Similar techniques using zonal volumes and adjustment of PSA for whole gland and central gland have improved the diagnostic accuracy and personalised risk of cancer [20]. The level of abnormal PSA is a longstanding problematic issue and leads to over-diagnosis and overtreatment of cancer [21]. The accuracy of early changes in PSA as a predictor of lethal cancer is poor [22].
There is a need to better relate the PSA production to the growth dynamics of the normal and the abnormal gland. We propose that all gland volumes and PSA related phenomena can be better characterised, with better risk stratification, with this new more detailed and intuitive model of the gland.
TRUS measurement
TRUS is quick, simple and safe and not only is useful for volume measurement but also for cancer diagnosis [23]. On the other hand, TRUS has been criticised for being inaccurate [24].
Previous studies all have used the whole gland volume as the entity in question. We propose using the easily measured peripheral zone and the asymmetry in epithelial, acinar, content to generate a prostatocrit (similar to a haematocrit) to better describe prostatic growth.
Methods
This is a retrospective cross-sectional study. We analysed 409 patients who had negative prostate biopsies who were referred for elevated PSA, abnormal DRE or anxiety of cancer 2006-2013. The patient filled out an IPSS questionnaire. One surgeon performed the biopsies using a BK medical Hawk 2102XD1 machine. The whole gland and the zonal volumes were documented. We ascribed the peripheral zone a density of 80% acini (as it has to be richer in glands than the overall prostate). We then subtracted this from the overall gland density to generate the transition zone density which is much more variable due to nodular hyperplasia. See Figure 1, see formula (4), see Table 1 of densities. To ascertain accuracy of imaging, 547 radical prostatectomy specimens with documented gland volumes from histology were documented. We compared the whole gland volume with MRI measurements to estimate if there were any significant difference.
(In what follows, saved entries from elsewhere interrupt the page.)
lemma act_lincomb: "act (lincomb bs c) w m = (\<Sum>l<length bs. c l * w (madd m (bs ! l)))"
proof -
  have "act (lincomb bs c) w m = (\<Sum>x\<in>set bs. lincomb bs c x * w (madd m x))"
    by (rule act_eq_sum_superset) (simp_all add: lincomb_support)
  also have "\<dots> = (\<Sum>x\<in>set bs. \<Sum>l\<in>{l. l \<in> {..<length bs} \<and> bs ! l = x}. c l * w (madd m (bs ! l)))"
    unfolding lincomb_def by (simp add: sum_distrib_right)
  also have "\<dots> = (\<Sum>l<length bs. c l * w (madd m (bs ! l)))"
    by (rule sum.group) auto
  finally show ?thesis .
qed

lemma lincomb_polys: "set bs \<subseteq> mons V \<Longrightarrow> lincomb bs c \<in> polys V"
  unfolding polys_def using lincomb_support[of bs c] by (auto intro: finite_subset)

lemma ann_vars_sum:
  assumes "finite K" "\<forall>k\<in>K. g k \<in> ann_vars V t u"
  shows "(\<lambda>x. \<Sum>k\<in>K. a k * g k x) \<in> ann_vars V t u"
proof -
  define F where "F = (\<Union>k\<in>K. {x. g k x \<noteq> 0})"
  have g: "finite {x. g k x \<noteq> 0}" "{x. g k x \<noteq> 0} \<subseteq> mons V" if "k \<in> K" for k
    using assms that unfolding ann_vars_def polys_def by auto
  have F: "finite F" "F \<subseteq> mons V"
    unfolding F_def using g assms(1) by auto
  have supp: "{x. (\<Sum>k\<in>K. a k * g k x) \<noteq> 0} \<subseteq> F"
  proof
    fix x assume "x \<in> {x. (\<Sum>k\<in>K. a k * g k x) \<noteq> 0}"
    then obtain k where "k \<in> K" "a k * g k x \<noteq> 0"
      by (metis (mono_tags) mem_Collect_eq sum.neutral)
    then show "x \<in> F"
      unfolding F_def by auto
  qed
  have "act (\<lambda>x. \<Sum>k\<in>K. a k * g k x) (u i) m = 0" if "i \<in> {1..t}" "m \<in> mons V" for i m
  proof -
    have "act (\<lambda>x. \<Sum>k\<in>K. a k * g k x) (u i) m = (\<Sum>x\<in>F. (\<Sum>k\<in>K. a k * g k x) * u i (madd m x))"
      by (rule act_eq_sum_superset[OF F(1) supp])
    also have "\<dots> = (\<Sum>k\<in>K. a k * (\<Sum>x\<in>F. g k x * u i (madd m x)))"
      by (simp add: sum_distrib_right sum_distrib_left sum.swap[of _ F] mult.assoc)
    also have "\<dots> = (\<Sum>k\<in>K. a k * act (g k) (u i) m)"
      by (rule sum.cong[OF refl], subst act_eq_sum_superset[OF F(1)]) (auto simp: F_def)
    also have "\<dots> = 0"
      using assms(2) that unfolding ann_vars_def by simp
    finally show ?thesis .
  qed
  with supp F show ?thesis
    unfolding ann_vars_def polys_def by (auto intro: finite_subset)
qed

lemma ann_vars_subset_polys: "ann_vars V t u \<subseteq> polys V"
  unfolding ann_vars_def by auto

subsection \<open>Shift spans\<close>

definition in_shift_span :: "nat \<Rightarrow> (nat \<Rightarrow> (nat \<Rightarrow> nat) \<Rightarrow> 'a::field) \<Rightarrow> (nat \<Rightarrow> nat) set
    \<Rightarrow> (nat \<Rightarrow> nat) set \<Rightarrow> (nat \<Rightarrow> nat) \<Rightarrow> bool" where
  "in_shift_span t u M S m \<longleftrightarrow> (\<exists>D d. finite D \<and> D \<subseteq> S \<and>
     (\<forall>i\<in>{1..t}. \<forall>k\<in>M. u i (madd m k) = (\<Sum>s\<in>D. d s * u i (madd s k))))"

lemma in_shift_span_base: "m \<in> S \<Longrightarrow> in_shift_span t u M S m"
  unfolding in_shift_span_def by (intro exI[of _ "{m}"] exI[of _ "\<lambda>_. 1"]) auto

lemma in_shift_span_mono: "in_shift_span t u M S m \<Longrightarrow> S \<subseteq> S' \<Longrightarrow> in_shift_span t u M S' m"
  unfolding in_shift_span_def by blast

lemma in_shift_span_madd:
  assumes "in_shift_span t u M S m" "\<forall>k\<in>M. madd w k \<in> M"
  shows "in_shift_span t u M ((\<lambda>s. madd s w) ` S) (madd m w)"
proof -
  from assms(1) obtain D d where D: "finite D" "D \<subseteq> S"
    "\<forall>i\<in>{1..t}. \<forall>k\<in>M. u i (madd m k) = (\<Sum>s\<in>D. d s * u i (madd s k))"
    unfolding in_shift_span_def by blast
  define d' where "d' x = d (\<lambda>i. x i - w i)" for x
  have d'_madd: "d' (madd s w) = d s" for s
    by (simp add: d'_def madd_def)
  have inj: "inj_on (\<lambda>s. madd s w) D"
    by (rule inj_onI) (auto simp: madd_def fun_eq_iff)
  show ?thesis
    unfolding in_shift_span_def
  proof (intro exI[of _ "(\<lambda>s. madd s w) ` D"] exI[of _ d'] conjI ballI)
    fix i k assume "i \<in> {1..t}" "k \<in> M"
    then have "u i (madd (madd m w) k) = (\<Sum>s\<in>D. d s * u i (madd s (madd w k)))"
      using D(3) assms(2) by (simp add: madd_assoc)
    also have "\<dots> = (\<Sum>s\<in>D. d' (madd s w) * u i (madd (madd s w) k))"
      by (simp add: madd_assoc d'_madd)
    also have "\<dots> = (\<Sum>x\<in>(\<lambda>s. madd s w) ` D. d' x * u i (madd x k))"
      by (simp add: sum.reindex[OF inj])
    finally show "u i (madd (madd m w) k) = (\<Sum>x\<in>(\<lambda>s. madd s w) ` D. d' x * u i (madd x k))" .
  qed (use D in auto)
qed

lemma in_shift_span_trans:
  assumes "in_shift_span t u M T m" "\<forall>x\<in>T. in_shift_span t u M S x"
  shows "in_shift_span t u M S m"
proof -
  from assms(1) obtain D d where D: "finite D" "D \<subseteq> T"
    "\<forall>i\<in>{1..t}. \<forall>k\<in>M. u i (madd m k) = (\<Sum>s\<in>D. d s * u i (madd s k))"
    unfolding in_shift_span_def by blast
  from assms(2) obtain E e where E: "\<And>x. x \<in> T \<Longrightarrow> finite (E x) \<and> E x \<subseteq> S \<and>
     (\<forall>i\<in>{1..t}. \<forall>k\<in>M. u i (madd x k) = (\<Sum>s\<in>E x. e x s * u i (madd s k)))"
    unfolding in_shift_span_def by metis
  define F where "F = (\<Union>x\<in>D. E x)"
  define f where "f y = (\<Sum>x\<in>D. d x * (if y \<in> E x then e x y else 0))" for y
  have F: "finite F" "F \<subseteq> S"
    unfolding F_def using D E by (blast, force)
  show ?thesis
    unfolding in_shift_span_def
  proof (intro exI[of _ F] exI[of _ f] conjI ballI F)
    fix i k assume ik: "i \<in> {1..t}" "k \<in> M"
    have "u i (madd m k) = (\<Sum>x\<in>D. d x * u i (madd x k))"
      using D(3) ik by blast
    also have "\<dots> = (\<Sum>x\<in>D. d x * (\<Sum>y\<in>F. (if y \<in> E x then e x y else 0) * u i (madd y k)))"
    proof (rule sum.cong[OF refl])
      fix x assume x: "x \<in> D"
      then have "E x \<subseteq> F"
        unfolding F_def by auto
      with x D(2) E[of x] ik F(1) show "d x * u i (madd x k)
          = d x * (\<Sum>y\<in>F. (if y \<in> E x then e x y else 0) * u i (madd y k))"
        by (simp add: if_distrib[of "\<lambda>z. z * _"] sum.If_cases Int_absorb1 subset_iff cong: if_cong)
    qed
    also have "\<dots> = (\<Sum>y\<in>F. f y * u i (madd y k))"
      by (simp add: f_def sum_distrib_left sum_distrib_right sum.swap[of _ D] mult.assoc)
    finally show "u i (madd m k) = (\<Sum>y\<in>F. f y * u i (madd y k))" .
  qed
qed

lemma in_shift_span_annihilator:
  assumes "g \<in> ann_vars V t u" "g \<noteq> (\<lambda>_. 0)"
  shows "in_shift_span t u (mons V) ({x. g x \<noteq> 0} - {lead_mon g}) (lead_mon g)"
proof -
  let ?L = "lead_mon g"
  let ?S = "{x. g x \<noteq> 0} - {?L}"
  have fin: "finite {x. g x \<noteq> 0}"
    using assms(1) unfolding ann_vars_def polys_def by auto
  have L: "g ?L \<noteq> 0"
    by (rule lead_mon_greatest[OF fin assms(2)])
  show ?thesis
    unfolding in_shift_span_def
  proof (intro exI[of _ ?S] exI[of _ "\<lambda>x. - g x / g ?L"] conjI ballI)
    fix i k assume "i \<in> {1..t}" "k \<in> mons V"
    then have "0 = act g (u i) k"
      using assms(1) unfolding ann_vars_def by auto
    also have "\<dots> = g ?L * u i (madd k ?L) + (\<Sum>x\<in>?S. g x * u i (madd k x))"
      unfolding act_def using fin L by (simp add: sum.remove)
    finally have "g ?L * u i (madd ?L k) = - (\<Sum>x\<in>?S. g x * u i (madd x k))"
      by (simp add: madd_commute eq_neg_iff_add_eq_0)
    with L have "u i (madd ?L k) = - (\<Sum>x\<in>?S. g x * u i (madd x k)) / g ?L"
      by (simp add: field_simps)
    then show "u i (madd ?L k) = (\<Sum>x\<in>?S. - g x / g ?L * u i (madd x k))"
      by (simp add: sum_negf sum_divide_distrib)
  qed (use fin in auto)
qed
Statistics were performed using medcalc. We used univariate analysis to monitor trends of each zone and subcomponent and related them to IPSS, PSA, growth, densities and ratio with ageing. We then performed multivariate analysis for prediction of PSA.
Bland-Altman plot of MRI v TRUS in estimating volume (Figure 2). There were 319 TRUS volumes documented pre operatively with 34 MRI volumes documented pre operatively. There was no significant difference in accuracy between the two imaging modalities.
Results (Table 2-9, Figure 3-8)
Discussion
Previous studies all reference the whole gland volume as the important entity. We use a "prostatocrit model (Figure 1) which generates four new zonal entities. The acinal (epithelial) volume of the peripheral zone, the acinal volume of the transition zone, the stromal volume of the peripheral zone and the stromal volume of the transition zone. In our previous study it was shown that none of the traditional zonal densities (whole gland, transitional or peripheral zone) were included in a model to predict high grade cancer or all grades of cancer [4]. However, the prostatocrit peripheral zone acinal volumes were included and so we extend this concept to benign growth of the gland predicting that the transition zone stromal volume will be the most significant element in PSA secretion. We made the growth measurements using TRUS with no significant difference found when comparing MRI measurements for whole gland volumes (Table 1, Figure 2).
Cohort characteristics (Table 2)
The age range is from 40 to 84 years with the first quartile at 58 and the third at 68.5 years. The PSA ranges from 0.47 to 83 (clearly an outlier given where the third quartile is) with first quartile at 4.6 and third quartile at 9.1. The IPSS ranges from 0 to 35 with first quartile at 11 and the third at 15. The whole gland volumes range from 10cc to 220cc. the transition zone ranges from 2cc to 156cc. the peripheral zone ranges from 3cc to 104cc. Thus we see less range in the peripheral zone compared to the transition zone despite a similar mean volume.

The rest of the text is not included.